I assume if you have 74 targets that you want to image, they are of varying RA and will come into good positions throughout the year? That being the case you could in theory set up all of them at once in the Robotarget manager and they will be done in turn as they pass through the hour angle constraints that are normal to set. I have to look into it more as I have not used it so far but there is a "West preferred" setting for Robotarget, meaning that if you have two targets which qualify and which have the same scheduler priority set, Voyager will pick the most westerly one first.
As for picking my 1000 of so saturated pixels. My reason for choosing that is to make sure as few stars or bright objects as possible are saturated to white, to preserve star colours if I can.

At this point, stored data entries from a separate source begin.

lemma gen_gap_measurable[measurable]: "(\<lambda>(h, x). gen_gap M n h x) \<in> borel_measurable (\<pi> \<Otimes>\<^sub>M S)"
proof -
  have "(\<lambda>h. \<integral>y. h y \<partial>M) \<in> borel_measurable \<pi>"
    using M.borel_measurable_lebesgue_integral[OF evaluation_measurable] by simp
  moreover have "(\<lambda>p. fst p (snd p i)) \<in> borel_measurable (\<pi> \<Otimes>\<^sub>M S)" if "i < n" for i
  proof -
    have "(\<lambda>p. (fst p, snd p i)) \<in> measurable (\<pi> \<Otimes>\<^sub>M S) (\<pi> \<Otimes>\<^sub>M M)"
      using component_measurable[OF that] by measurable
    from measurable_comp[OF this evaluation_measurable] show ?thesis by (simp add: comp_def split_beta')
  qed
  ultimately show ?thesis
    unfolding gen_gap_def split_beta' by measurable
qed

lemma gen_gap_measurable_in_h: "x \<in> space S \<Longrightarrow> (\<lambda>h. gen_gap M n h x) \<in> borel_measurable \<pi>"
  using measurable_comp[OF measurable_Pair1' gen_gap_measurable] by (simp add: comp_def)

lemma gen_gap_measurable_in_x: "h \<in> space \<pi> \<Longrightarrow> gen_gap M n h \<in> borel_measurable S"
  using measurable_Pair2[OF gen_gap_measurable] by simp

lemma integral_gen_gap: assumes h: "h \<in> space \<pi>" shows "(\<integral>x. gen_gap M n h x \<partial>S) = 0"
proof -
  have component: "integrable S (\<lambda>x. h (x i)) \<and> (\<integral>x. h (x i) \<partial>S) = (\<integral>y. h y \<partial>M)" if i: "i < n" for i
  proof -
    have "distr S M (\<lambda>x. x i) = M"
      using distr_PiM_component[of "{..<n}" "\<lambda>_. M" i] M i by (simp add: S_eq_PiM)
    then show ?thesis
      using hypothesis_integrable[OF h] hypothesis_measurable[OF h] component_measurable[OF i]
      by (metis integrable_distr_eq integral_distr)
  qed
  then have "(\<integral>x. (\<Sum>i<n. h (x i)) / real n \<partial>S) = (\<integral>y. h y \<partial>M)"
    using n_pos by (simp add: integral_sum)
  moreover have "integrable S (\<lambda>x. (\<Sum>i<n. h (x i)) / real n)"
    using component by (intro integrable_divide integrable_sum) auto
  ultimately show ?thesis
    unfolding gen_gap_def by (simp add: S.prob_space)
qed

lemma tilted_measurable: "h \<in> space \<pi> \<Longrightarrow> (\<lambda>x. l * gen_gap M n h x + HQ h x) \<in> borel_measurable S"
  using gen_gap_measurable_in_x HQ_measurable_in_x by measurable

lemma tilted_bounded_differences:
  "h \<in> space \<pi> \<Longrightarrow> 0 \<le> l \<Longrightarrow>
    bounded_differences {..<n} M (\<lambda>x. l * gen_gap M n h x + HQ h x) (l * b / real n + 2 * c)"
  using bounded_differences_add[OF bounded_differences_cmult[OF _ gen_gap_bounded_differences]
      HQ_bounded_differences]
  by simp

There is an image viewer packaged with Voyager which shows some basic image statistics, such as minimum pixel value (And how many pixels are at it) Mean, median and maximum value (Normally that will be saturated, and how many pixels are at that value, which is where I pull that figure from)
It may get a bit subjective, I recently had to accept a lot more saturated pixels than I normally would due to bright stars near a dim target.
As it happens, in my case a typical LRGB cycle takes about 40 minutes as 120 second exposures seem to work pretty well, but when you can let the scheduler do the work it does not matter too much, if the target passes out of the hour angle limit or fails some other constraint it finishes the running sub and moves on to the next target.